🤖 AI Summary
This paper addresses the angular similarity evaluation problem in high-dimensional Euclidean spaces. We propose two deterministic projection-based randomized kernel functions—specifically designed for angular comparison and angular thresholding—departing from conventional Gaussian random projections. Our approach introduces reference-angle-guided deterministic projections, eliminating reliance on asymptotic assumptions (e.g., infinitely many projections) while ensuring theoretical soundness and empirical superiority. The core methodology integrates probabilistic kernel design, angularly sensitive hashing, and approximate nearest neighbor search (ANNS) optimization. In ANNS benchmarks, our method achieves 2.5×–3× higher query throughput (QPS) compared to HNSW, significantly accelerating angular similarity retrieval.
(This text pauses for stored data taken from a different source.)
lemma arc_family_with_many_edges:
  assumes "1 \<le> a" "2 \<le> w"
  shows "\<exists>F. finite F \<and> (\<forall>A\<in>F. is_arc A) \<and> indep_number F = a \<and> max_depth F = w \<and>
    real (card (ig_edges F)) \<ge> 1 / 8 * real a * (real w)^2"
proof -
  define s where "s = (\<lambda>i. 2 * pi * real i / real a)"
  define d where "d = pi / (real a * real w)"
  define Arc where "Arc = (\<lambda>i j. circ_arc (s i) (real (Suc j) * d))"
  define F where "F = cluster_family a w Arc"
  have clusters: "arc_clusters a w Arc (\<lambda>i. cis (s i))"
    using assms(2) unfolding Arc_def s_def d_def by (intro arc_clusters_equally_spaced) simp
  have "is_arc A" if "A \<in> F" for A
  proof -
    from that obtain i j where "j < w" "A = Arc i j"
      unfolding F_def mem_cluster_family_iff by auto
    moreover have "real (Suc j) * d \<le> 2 * pi"
    proof -
      have "real (Suc j) * d \<le> real w * d"
        using \<open>j < w\<close> by (intro mult_right_mono) (auto simp: d_def)
      also have "\<dots> \<le> pi"
        using assms by (simp add: d_def field_simps)
      finally show ?thesis
        using pi_gt_zero by linarith
    qed
    ultimately show ?thesis
      unfolding is_arc_def Arc_def
      by (intro exI[of _ "s i"] exI[of _ "real (Suc j) * d"]) (simp add: d_def)
  qed
  moreover have "max_depth F = w"
    using assms depth_cluster_family_le[OF clusters] unfolding F_def
    by (intro max_depth_eqI[of "cis (s 0)"] depth_cluster_family_centre[OF clusters]) simp_all
  moreover have "real a * (real w)^2 \<le> 8 * real (card (ig_edges F))"
  proof -
    have "a * w ^ 2 \<le> 8 * card (ig_edges F)"
      using mult_le_mono2[OF sq_le_8_mult_floor_ceil_half[OF assms(2)], of a]
        card_ig_edges_cluster_family[OF clusters]
      by (simp add: F_def algebra_simps)
    then show ?thesis
      by (metis of_nat_le_iff of_nat_mult of_nat_numeral of_nat_power)
  qed
  ultimately show ?thesis
    using assms indep_number_cluster_family[OF clusters] finite_cluster_family
    by (intro exI[of _ F]) (auto simp: F_def)
qed
lemma factor_part_mult:
  assumes "subgroup F1 G" "subgroup F2 G" "F1 \<inter> F2 = {\<one>}"
    and "a \<in> F1 \<and> b \<in> F1 \<or> a \<in> F2 \<and> b \<in> F2"
  shows "factor_part G F2 (a \<otimes> b) = factor_part G F2 a \<otimes> factor_part G F2 b"
proof (cases "a \<in> F2 \<and> b \<in> F2")
  case True
  then show ?thesis by (simp add: factor_part_def subgroup.m_closed[OF assms(2)])
next
  case False
  then have "a \<in> F1" "b \<in> F1" "a \<otimes> b \<in> F1" using assms(4) subgroup.m_closed[OF assms(1)] by auto
  then show ?thesis by (simp add: factor_part_complement[OF assms(3)])
qed

lemma generate_obtain_list_prod:
  assumes "S \<subseteq> carrier G" "\<And>s. s \<in> S \<Longrightarrow> inv s \<in> S" and "x \<in> generate G S"
  obtains ws where "set ws \<subseteq> S" "list_prod G ws = x"
proof -
  from assms(3) have "\<exists>ws. set ws \<subseteq> S \<and> list_prod G ws = x"
  proof (induction rule: generate.induct)
    case one
    show ?case by (intro exI[of _ "[]"]) simp
  next
    case (incl s)
    then show ?case using assms(1) by (intro exI[of _ "[s]"]) auto
  next
    case (inv s)
    then show ?case using assms(1,2) by (intro exI[of _ "[inv s]"]) auto
  next
    case (eng a b)
    then obtain ws vs where "set ws \<subseteq> S" "list_prod G ws = a" "set vs \<subseteq> S" "list_prod G vs = b"
      by blast
    then show ?case using assms(1) by (intro exI[of _ "ws @ vs"]) (auto simp: list_prod_append)
  qed
  then show ?thesis using that by blast
qed

end

lemma list_split_at_pair:
  "Suc i < length ws \<Longrightarrow> ws = take i ws @ ws ! i # ws ! Suc i # drop (Suc (Suc i)) ws"
  by (metis Cons_nth_drop_Suc Suc_lessD append_take_drop_id)

context group
begin

text \<open>
  Dropping a trivial letter or merging two adjacent letters from the same factor preserves both
  products; a word admitting neither move is empty by the defining property of free products.
\<close>
lemma free_product_factor_part_trivial:
  assumes fp: "free_product G F1 F2"
  shows "set ws \<subseteq> F1 \<union> F2 \<Longrightarrow> list_prod G ws = \<one> \<Longrightarrow> list_prod G (map (factor_part G F2) ws) = \<one>"
proof (induction "length ws" arbitrary: ws rule: less_induct)
  case less
  have F: "subgroup F1 G" "subgroup F2 G" "F1 \<inter> F2 = {\<one>}" using fp by (auto simp: free_product_def)
  have carr: "set ws \<subseteq> carrier G" using less.prems(1) F(1,2) subgroup.subset by blast
  consider (one) "\<one> \<in> set ws"
    | (merge) i where "Suc i < length ws" "ws ! i \<in> F1 \<and> ws ! Suc i \<in> F1 \<or> ws ! i \<in> F2 \<and> ws ! Suc i \<in> F2"
    | (reduced) "set ws \<subseteq> (F1 \<union> F2) - {\<one>}"
        "\<forall>i. Suc i < length ws \<longrightarrow> \<not> (ws ! i \<in> F1 \<and> ws ! Suc i \<in> F1) \<and> \<not> (ws ! i \<in> F2 \<and> ws ! Suc i \<in> F2)"
    using less.prems(1) by blast
  then show ?case
  proof cases
    case one
    then obtain xs ys where ws: "ws = xs @ \<one> # ys" by (meson split_list)
    have "length (xs @ ys) < length ws" "set (xs @ ys) \<subseteq> F1 \<union> F2" "list_prod G (xs @ ys) = \<one>"
      using less.prems ws carr by (auto simp: list_prod_append list_prod_closed)
    then have "list_prod G (map (factor_part G F2) (xs @ ys)) = \<one>" by (rule less.hyps)
    moreover have "set (map (factor_part G F2) xs) \<subseteq> carrier G" "set (map (factor_part G F2) ys) \<subseteq> carrier G"
      using factor_part_closed[OF F(2)] subgroup.subset[OF F(2)] by auto
    moreover have "factor_part G F2 \<one> = \<one>" by (simp add: factor_part_def)
    ultimately show ?thesis using ws by (simp add: list_prod_drop_one)
  next
    case merge
    define xs where "xs = take i ws"
    define a where "a = ws ! i"
    define b where "b = ws ! Suc i"
    define ys where "ys = drop (Suc (Suc i)) ws"
    have ws: "ws = xs @ a # b # ys" unfolding xs_def a_def b_def ys_def by (rule list_split_at_pair[OF merge(1)])
    have ab: "a \<in> F1 \<and> b \<in> F1 \<or> a \<in> F2 \<and> b \<in> F2" using merge(2) a_def b_def by simp
    have "a \<otimes> b \<in> F1 \<union> F2" using ab subgroup.m_closed[OF F(1)] subgroup.m_closed[OF F(2)] by blast
    then have "length (xs @ (a \<otimes> b) # ys) < length ws" "set (xs @ (a \<otimes> b) # ys) \<subseteq> F1 \<union> F2"
      "list_prod G (xs @ (a \<otimes> b) # ys) = \<one>"
      using less.prems ws carr by (auto simp: list_prod_merge[symmetric])
    then have "list_prod G (map (factor_part G F2) (xs @ (a \<otimes> b) # ys)) = \<one>" by (rule less.hyps)
    have "list_prod G (map (factor_part G F2) ws)
          = list_prod G (map (factor_part G F2) xs @ factor_part G F2 a # factor_part G F2 b # map (factor_part G F2) ys)"
      using ws by simp
    also have "\<dots> = list_prod G (map (factor_part G F2) (xs @ (a \<otimes> b) # ys))"
      using list_prod_merge[of "map (factor_part G F2) xs" "factor_part G F2 a" "factor_part G F2 b"
          "map (factor_part G F2) ys"] factor_part_carrier[OF F(2)] factor_part_mult[OF F ab] by auto
    finally show ?thesis using \<open>list_prod G (map (factor_part G F2) (xs @ (a \<otimes> b) # ys)) = \<one>\<close> by simp
  next
    case reduced
    have "ws \<noteq> [] \<longrightarrow> foldr (\<otimes>) ws \<one> \<noteq> \<one>"
      using fp reduced unfolding free_product_def by blast
    then show ?thesis using less.prems(2) by (auto simp: list_prod_def)
  qed
qed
Theoretical analysis guarantees bounded approximation error, and extensive experiments validate robust performance across diverse high-dimensional datasets.
📝 Abstract
In this paper, we study the angle testing problem in high-dimensional Euclidean spaces and propose two projection-based probabilistic kernel functions, one designed for angle comparison and the other for angle thresholding. Unlike existing approaches that rely on random projection vectors drawn from Gaussian distributions, our approach leverages reference angles and employs a deterministic structure for the projection vectors. Notably, our kernel functions do not require asymptotic assumptions, such as the number of projection vectors tending to infinity, and can be both theoretically and experimentally shown to outperform Gaussian-distribution-based kernel functions. We further apply the proposed kernel function to Approximate Nearest Neighbor Search (ANNS) and demonstrate that our approach achieves a 2.5X ~ 3X higher query-per-second (QPS) throughput compared to the state-of-the-art graph-based search algorithm HNSW.